►

lemma openin_spec_topology_down_closed:
  assumes "openin (spec_topology A) U" "p \<in> U" "q \<in> Spec A" "q \<subseteq> p"
  shows "q \<in> U"
proof -
  have "generate_topology_on ((\<lambda>h. {p \<in> Spec A. h \<notin> p}) ` A) U"
    using assms(1) by (simp add: spec_topology_def openin_topology_generated_by_iff)
  then show ?thesis
    using assms(2-) by (induction arbitrary: p) blast+
qed

lemma closedin_spec_topology_singleton_iff:
  "closedin (spec_topology A) {p} \<longleftrightarrow> p \<in> Spec A \<and> (\<forall>q\<in>Spec A. p \<subseteq> q \<longrightarrow> q = p)"
proof
  assume closed: "closedin (spec_topology A) {p}"
  then have "openin (spec_topology A) (Spec A - {p})" and "p \<in> Spec A"
    by (simp_all add: closedin_def topspace_spec_topology)
  then show "p \<in> Spec A \<and> (\<forall>q\<in>Spec A. p \<subseteq> q \<longrightarrow> q = p)"
    using openin_spec_topology_down_closed by blast
next
  assume max: "p \<in> Spec A \<and> (\<forall>q\<in>Spec A. p \<subseteq> q \<longrightarrow> q = p)"
  then have "p \<subseteq> A"
    by (simp add: Spec_def prime_k_ideal_def k_ideal_def monoid_ideal_def)
  have "Spec A - {p} = (\<Union>h\<in>p. {q \<in> Spec A. h \<notin> q})"
    using max by blast
  also have "openin (spec_topology A) \<dots>"
    using \<open>p \<subseteq> A\<close> unfolding spec_topology_def openin_topology_generated_by_iff
    by (intro generate_topology_on.UN generate_topology_on.Basis) blast
  finally show "closedin (spec_topology A) {p}"
    using max by (simp add: closedin_def topspace_spec_topology)
qed

section \<open>Evaluation at points of the quadric\<close>

lemma poly_mapping_single_induct [case_names zero add_single]:
  assumes "P 0" and "\<And>f a b. P f \<Longrightarrow> P (f + Poly_Mapping.single a b)"
  shows "P f"
proof (induction f rule: update_induct)
  case const
  show ?case by (fact assms(1))
next
  case (update f a b)
  have "Poly_Mapping.update a b f = f + Poly_Mapping.single a b"
    using update.hyps(1)
    by (intro poly_mapping_eqI) (auto simp: lookup_update lookup_add in_keys_iff lookup_single when_def)
  with assms(2)[OF update.IH] show ?case by simp
qed

lemma poly_mapping_nat_induct [case_names zero add_unit]:
  fixes e :: "'a \<Rightarrow>\<^sub>0 nat"
  assumes "P 0" and "\<And>i e. P e \<Longrightarrow> P (Poly_Mapping.single i 1 + e)"
  shows "P e"
proof (induction e rule: poly_mapping_single_induct)
  case zero
  show ?case by (fact assms(1))
next
  case (add_single f a b)
  show ?case
  proof (induction b)
    case (Suc b)
    have "f + Poly_Mapping.single a (Suc b) = Poly_Mapping.single a 1 + (f + Poly_Mapping.single a b)"
      by (simp add: single_add[symmetric] ac_simps)
    with assms(2)[OF Suc.IH] show ?case by simp
  qed (simp add: add_single.IH)
qed

instance var :: finite
proof
  have "UNIV = {V1, V2, V3, V4}"
    using var.exhaust by blast
  then show "finite (UNIV :: var set)" by (metis finite.emptyI finite.insertI)
qed

definition monomial_eval :: "(var \<Rightarrow> 'a::comm_semiring_1) \<Rightarrow> (var \<Rightarrow>\<^sub>0 nat) \<Rightarrow> 'a" where
  "monomial_eval v e = (\<Prod>i\<in>UNIV. v i ^ Poly_Mapping.lookup e i)"

definition poly_eval :: "(var \<Rightarrow> 'a::comm_semiring_1) \<Rightarrow> poly \<Rightarrow> 'a" where
  "poly_eval v p = (\<Sum>e\<in>Poly_Mapping.keys p. of_nat (Poly_Mapping.lookup p e) * monomial_eval v e)"

lemma monomial_eval_0 [simp]: "monomial_eval v 0 = 1"
  by (simp add: monomial_eval_def)

lemma monomial_eval_add: "monomial_eval v (e + e') = monomial_eval v e * monomial_eval v e'"
  by (simp add: monomial_eval_def lookup_add power_add prod.distrib)

lemma monomial_eval_var [simp]: "monomial_eval v (Poly_Mapping.single i 1) = v i"
proof -
  have "v j ^ Poly_Mapping.lookup (Poly_Mapping.single i 1) j = (if i = j then v j else 1)" for j
    by (simp add: lookup_single)
  then show ?thesis
    by (simp add: monomial_eval_def prod.delta')
qed

lemma monomial_eval_eq_0_iff:
  "monomial_eval v e = (0 :: 'a::semidom) \<longleftrightarrow>
     (\<exists>i. v i = 0 \<and> 0 < Poly_Mapping.lookup e i)"
  by (simp add: monomial_eval_def)

lemma poly_eval_0 [simp]: "poly_eval v 0 = 0"
  by (simp add: poly_eval_def)

lemma poly_eval_add: "poly_eval v (p + q) = poly_eval v p + poly_eval v q"
  unfolding poly_eval_def by (rule setsum_keys_plus_distrib) (simp_all add: algebra_simps)

lemma poly_eval_single: "poly_eval v (Poly_Mapping.single e c) = of_nat c * monomial_eval v e"
  by (simp add: poly_eval_def)

lemma poly_eval_mult: "poly_eval v (p * q) = poly_eval v p * poly_eval v q"
proof -
  have single_mult: "poly_eval v (Poly_Mapping.single e c * q) = of_nat c * monomial_eval v e * poly_eval v q" for e c
    by (induction q rule: poly_mapping_single_induct)
      (simp_all add: distrib_left poly_eval_add mult_single poly_eval_single monomial_eval_add ac_simps)
  show ?thesis
    by (induction p rule: poly_mapping_single_induct)
      (simp_all add: distrib_right poly_eval_add single_mult poly_eval_single)
qed

lemma poly_eval_1 [simp]: "poly_eval v 1 = 1"
  by (metis single_one poly_eval_single monomial_eval_0 of_nat_1 mult_1)

lemma poly_eval_Tvar [simp]: "poly_eval v (Tvar i) = v i"
  by (simp only: Tvar_def poly_eval_single monomial_eval_var of_nat_1 mult_1)

definition on_quadric :: "(var \<Rightarrow> 'a::comm_semiring_1) \<Rightarrow> bool" where
  "on_quadric v \<longleftrightarrow> v V1 * v V4 = v V2 * v V3 + 1"

lemma poly_eval_rel: "rel p q \<Longrightarrow> on_quadric v \<Longrightarrow> poly_eval v p = poly_eval v q"
  by (induction rule: rel.induct) (simp_all add: poly_eval_add poly_eval_mult on_quadric_def)

text \<open>Evaluation only descends to R at points of the quadric; elsewhere it is set to 0.\<close>
lift_definition eval_R :: "(var \<Rightarrow> 'a::comm_semiring_1) \<Rightarrow> R \<Rightarrow> 'a" is
  "\<lambda>v p. if on_quadric v then poly_eval v p else 0"
  using poly_eval_rel by auto

lemma eval_R_add: "eval_R v (x + y) = eval_R v x + eval_R v y"
  by transfer (simp add: poly_eval_add)

lemma eval_R_mult: "eval_R v (x * y) = eval_R v x * eval_R v y"
  by transfer (simp add: poly_eval_mult)

lemma eval_R_1: "on_quadric v \<Longrightarrow> eval_R v 1 = 1"
  by transfer simp

definition monomial_R :: "(var \<Rightarrow>\<^sub>0 nat) \<Rightarrow> R" where
  "monomial_R e = abs_R (Poly_Mapping.single e 1)"

lemma A_R_eq: "A_R = insert 0 (range monomial_R)"
  by (simp add: A_R_def monomial_R_def)

lemma monomial_R_0: "monomial_R 0 = 1"
  by (simp add: monomial_R_def one_R_def del: One_nat_def)

lemma monomial_R_add: "monomial_R (e + e') = monomial_R e * monomial_R e'"
  by (simp add: monomial_R_def times_R.abs_eq mult_single)

lemma T_eq_monomial_R: "T i = monomial_R (Poly_Mapping.single i 1)"
  by (simp add: monomial_R_def T_def Tvar_def)

lemma eval_R_monomial_R: "on_quadric v \<Longrightarrow> eval_R v (monomial_R e) = monomial_eval v e"
  by (simp add: monomial_R_def eval_R.abs_eq poly_eval_single)

lemma eval_R_T: "on_quadric v \<Longrightarrow> eval_R v (T i) = v i"
  by (simp add: T_eq_monomial_R eval_R_monomial_R del: One_nat_def)

lemma T_quadric: "T V1 * T V4 = T V2 * T V3 + 1"
  by transfer (rule rel.base)

lemma zero_in_A_R: "0 \<in> A_R"
  by (simp add: A_R_eq)

lemma one_in_A_R: "1 \<in> A_R"
  by (metis A_R_eq monomial_R_0 insertI2 rangeI)

lemma T_in_A_R: "T i \<in> A_R"
  by (simp add: A_R_eq T_eq_monomial_R)

lemma mult_in_A_R: "x \<in> A_R \<Longrightarrow> y \<in> A_R \<Longrightarrow> x * y \<in> A_R"
  by (auto simp: A_R_eq monomial_R_add[symmetric])

lemma monomial_in_A_R: "monomial_R e \<in> A_R"
  by (simp add: A_R_eq)

lemma monomial_R_add_unit: "monomial_R (Poly_Mapping.single i 1 + e) = T i * monomial_R e"
  by (simp add: monomial_R_add T_eq_monomial_R)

◄

> TASK DESCRIPTION: Copy down every line of the entries containing the word "assumes".

> RESPONSE AREA:
  assumes "openin (spec_topology A) U" "p \<in> U" "q \<in> Spec A" "q \<subseteq> p"
  assumes "P 0" and "\<And>f a b. P f \<Longrightarrow> P (f + Poly_Mapping.single a b)"
  assumes "P 0" and "\<And>i e. P e \<Longrightarrow> P (Poly_Mapping.single i 1 + e)"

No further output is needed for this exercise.